Analogous to the June 2011 proposal, the NLRB’s most recent proposal seeks to significantly impact the current union election process. The proposed reforms are aimed at shortening the election cycle from the current median of 38 days from petition to election to as little as 10 to 21 days. The proposed reforms also would move resolution of voter eligibility determination to after the election; reduce the NLRB’s review of representation cases; expand employer disclosure of employee contact information (including e-mail addresses); and allow more electronic filing with the NLRB.

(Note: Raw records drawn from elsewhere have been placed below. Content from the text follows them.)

lemma bil_hyp_vec:
  "bil (2 * m + kJ) (hyp_sum m GJ) (hyp_vec m kJ f g z) (hyp_vec m kJ f' g' z') =
     (\<Sum>j<m. f j * g' j + g j * f' j) + bil kJ GJ z z'"
proof -
  have "bil kJ GJ (\<lambda>i. hyp_vec m kJ f g z (2 * m + i)) (\<lambda>i. hyp_vec m kJ f' g' z' (2 * m + i)) =
      bil kJ GJ z z'"
    by (rule bil_cong) simp_all
  then show ?thesis
    unfolding bil_hyp_sum by (simp cong: sum.cong_simp)
qed

definition skip :: "nat \<Rightarrow> nat \<Rightarrow> nat" where
  "skip k j = (if j < k then j else Suc j)"

definition unskip :: "nat \<Rightarrow> nat \<Rightarrow> nat" where
  "unskip k i = (if i < k then i else i - 1)"

lemma skip_neq [simp]: "skip k j \<noteq> k"
  and unskip_skip [simp]: "unskip k (skip k j) = j"
  and skip_unskip: "i \<noteq> k \<Longrightarrow> skip k (unskip k i) = i"
  by (auto simp: skip_def unskip_def)

lemma skip_less: "k < n \<Longrightarrow> j < n - 1 \<Longrightarrow> skip k j < n"
  and unskip_less: "k < n \<Longrightarrow> i < n \<Longrightarrow> i \<noteq> k \<Longrightarrow> unskip k i < n - 1"
  by (auto simp: skip_def unskip_def)

lemma bij_betw_skip: "k < n \<Longrightarrow> bij_betw (skip k) {..<n - 1} ({..<n} - {k})"
  by (rule bij_betw_byWitness[where f' = "unskip k"]) (auto simp: skip_def unskip_def)
definition poisson :: "(real \<Rightarrow> real \<Rightarrow> real) \<Rightarrow> (real \<Rightarrow> real \<Rightarrow> real) \<Rightarrow> real \<Rightarrow> real \<Rightarrow> real" where
  "poisson h f x \<xi> =
     deriv (\<lambda>\<eta>. h x \<eta>) \<xi> * deriv (\<lambda>y. f y \<xi>) x - deriv (\<lambda>y. h y \<xi>) x * deriv (\<lambda>\<eta>. f x \<eta>) \<xi>"

definition pos_homogeneous :: "real \<Rightarrow> (real \<Rightarrow> real \<Rightarrow> real) \<Rightarrow> bool" where
  "pos_homogeneous \<rho> f \<longleftrightarrow> (\<forall>x \<xi> l. \<xi> \<noteq> 0 \<longrightarrow> l > 0 \<longrightarrow> f x (l * \<xi>) = l powr \<rho> * f x \<xi>)"

end

theory Submission
  imports Defs
begin

(*
  Take a(x, xi) = |xi| b(x); then {h, a} = |xi| (X b' - X' b), so it suffices to find a smooth
  periodic b with X b' - X' b >= delta that equals -1 somewhere. By non-degeneracy
  p = X'^2 - X X'' is positive at the zeros of X, hence p + K X^2 >= mu > 0 for K large.
  For b = -X' + K X (S + c) one has X b' - X' b = p + K X^2 S', so one needs a periodic S whose
  derivative is close to 1 wherever X is not small: S(x) = 2 arg(1 - r e^(i (x - x0))) has
  S' = 1 - P_r(x - x0), P_r the Poisson kernel, and X^2 P_r(x - x0) = O(1 - r) because X(x0) = 0
  forces X^2 <= C (1 - cos (x - x0)). The constant c makes b(x1) = -1.
*)

section \<open>Smooth functions of one variable\<close>

lemma smooth1_on_UNIV_derivative:
  assumes "smooth1_on UNIV f"
  obtains f' where "\<And>x. (f has_field_derivative f' x) (at x)" "smooth1_on UNIV f'"
proof -
  from assms obtain D where "D 0 = f" and D: "\<And>n x. (D n has_field_derivative D (Suc n) x) (at x)"
    unfolding smooth1_on_def by blast
  moreover have "smooth1_on UNIV (D 1)"
    unfolding smooth1_on_def by (rule exI[of _ "\<lambda>n. D (Suc n)"]) (simp add: D)
  ultimately show ?thesis using that by (metis One_nat_def)
qed

lemma smooth1_on_UNIV_imp_continuous_on: "smooth1_on UNIV f \<Longrightarrow> continuous_on UNIV f"
  by (meson smooth1_on_UNIV_derivative DERIV_isCont continuous_at_imp_continuous_on)

lemma smooth1_on_UNIV_coinduct:
  assumes "P f"
    and step: "\<And>g. P g \<Longrightarrow> \<exists>g'. (\<forall>x. (g has_field_derivative g' x) (at x)) \<and> P g'"
  shows "smooth1_on UNIV f"
proof -
  obtain N where N: "\<And>g. P g \<Longrightarrow> (\<forall>x. (g has_field_derivative N g x) (at x)) \<and> P (N g)"
    using step by metis
  have "P ((N ^^ n) f)" for n
    by (induction n) (simp_all add: assms(1) N)
  then show ?thesis
    unfolding smooth1_on_def by (intro exI[of _ "\<lambda>n. (N ^^ n) f"]) (simp add: N)
qed

inductive smooth_closure :: "(real \<Rightarrow> real) \<Rightarrow> bool" where
  const: "smooth_closure (\<lambda>x. c)"
| ident: "smooth_closure (\<lambda>x. x)"
| uminus: "smooth_closure f \<Longrightarrow> smooth_closure (\<lambda>x. - f x)"
| add: "smooth_closure f \<Longrightarrow> smooth_closure g \<Longrightarrow> smooth_closure (\<lambda>x. f x + g x)"
| mult: "smooth_closure f \<Longrightarrow> smooth_closure g \<Longrightarrow> smooth_closure (\<lambda>x. f x * g x)"
| inverse: "smooth_closure f \<Longrightarrow> (\<And>x. f x \<noteq> 0) \<Longrightarrow> smooth_closure (\<lambda>x. inverse (f x))"
| sin: "smooth_closure f \<Longrightarrow> smooth_closure (\<lambda>x. sin (f x))"
| cos: "smooth_closure f \<Longrightarrow> smooth_closure (\<lambda>x. cos (f x))"
| arctan: "smooth_closure f \<Longrightarrow> smooth_closure (\<lambda>x. arctan (f x))"
| smooth: "smooth1_on UNIV f \<Longrightarrow> smooth_closure f"

(* The rule smooth is left out: as an introduction rule it applies to every goal. *)
lemmas smooth_closure_intros = smooth_closure.intros(1-9)

lemma smooth_closure_has_derivative:
  assumes "smooth_closure f"
  shows "\<exists>f'. (\<forall>x. (f has_field_derivative f' x) (at x)) \<and> smooth_closure f'"
  using assms
proof induction
  case (const c)
  show ?case by (intro exI[of _ "\<lambda>x. 0"] conjI allI DERIV_const smooth_closure_intros)
next
  case ident
  show ?case by (intro exI[of _ "\<lambda>x. 1"] conjI allI DERIV_ident smooth_closure_intros)
next
  case (uminus f)
  then obtain f' where f': "\<forall>x. (f has_field_derivative f' x) (at x)" "smooth_closure f'" by blast
  show ?case
    by (intro exI[of _ "\<lambda>x. - f' x"] conjI allI DERIV_minus smooth_closure_intros f'[rule_format])
next
  case (add f g)
  then obtain f' g' where f': "\<forall>x. (f has_field_derivative f' x) (at x)" "smooth_closure f'"
    and g': "\<forall>x. (g has_field_derivative g' x) (at x)" "smooth_closure g'" by blast
  show ?case
    by (intro exI[of _ "\<lambda>x. f' x + g' x"] conjI allI DERIV_add smooth_closure_intros
        f'[rule_format] g'[rule_format])
next
  case (mult f g)
  then obtain f' g' where f': "\<forall>x. (f has_field_derivative f' x) (at x)" "smooth_closure f'"
    and g': "\<forall>x. (g has_field_derivative g' x) (at x)" "smooth_closure g'" by blast
  show ?case
    by (intro exI[of _ "\<lambda>x. f' x * g x + g' x * f x"] conjI allI DERIV_mult smooth_closure_intros
        f'[rule_format] g'[rule_format] mult.hyps)
next
  case (inverse f)
  then obtain f' where f': "\<forall>x. (f has_field_derivative f' x) (at x)" "smooth_closure f'" by blast
  show ?case
    by (intro exI[of _ "\<lambda>x. - (inverse (f x) * f' x * inverse (f x))"] conjI allI DERIV_inverse'
        smooth_closure_intros f'[rule_format] inverse.hyps)
next
  case (sin f)
  then obtain f' where f': "\<forall>x. (f has_field_derivative f' x) (at x)" "smooth_closure f'" by blast
  show ?case
    by (intro exI[of _ "\<lambda>x. cos (f x) * f' x"] conjI allI DERIV_fun_sin smooth_closure_intros
        f'[rule_format] sin.hyps)
next
  case (cos f)
  then obtain f' where f': "\<forall>x. (f has_field_derivative f' x) (at x)" "smooth_closure f'" by blast
  show ?case
    by (intro exI[of _ "\<lambda>x. - sin (f x) * f' x"] conjI allI DERIV_fun_cos smooth_closure_intros
        f'[rule_format] cos.hyps)
next
  case (arctan f)
  then obtain f' where f': "\<forall>x. (f has_field_derivative f' x) (at x)" "smooth_closure f'" by blast
  have "1 + f x * f x \<noteq> 0" for x
    using zero_le_square[of "f x"] by linarith
  then have "smooth_closure (\<lambda>x. inverse (1 + f x * f x) * f' x)"
    by (intro smooth_closure_intros f' arctan.hyps)
  moreover have "((\<lambda>x. arctan (f x)) has_field_derivative inverse (1 + f x * f x) * f' x) (at x)" for x
    using DERIV_chain2[OF DERIV_arctan, of f "f' x" x] f' by (simp add: power2_eq_square)
  ultimately show ?case by (intro exI conjI allI) assumption+
next
  case (smooth f)
  then show ?case
    by (metis smooth1_on_UNIV_derivative smooth_closure.smooth)
qed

Despite reducing the amount of time an employer has to communicate its message or rebut the union’s statements, NLRB Chairman Mark Gaston Pearce has stated the proposed rules are intended to “improve the process for all parties.” The NLRB is likely to issue a final rule governing union elections later this year.

Action Steps?

The NLRB has issued a proposed rule, and by law, will allow for public comments through April 7, 2014. Employers may direct comments regarding the proposed reforms to the NLRB here. Additionally, the NLRB will hold a public hearing on the proposed rules in Washington D.C. during the week of April 7, 2014, and employers may voice their concerns at the forum.

Finally, employers should consider conducting a vulnerability audit to identify any concerns that can be addressed now (rather than after a final rule is put in place) and should provide supervisors and management with training so they are prepared to address any potential NLRB election situation.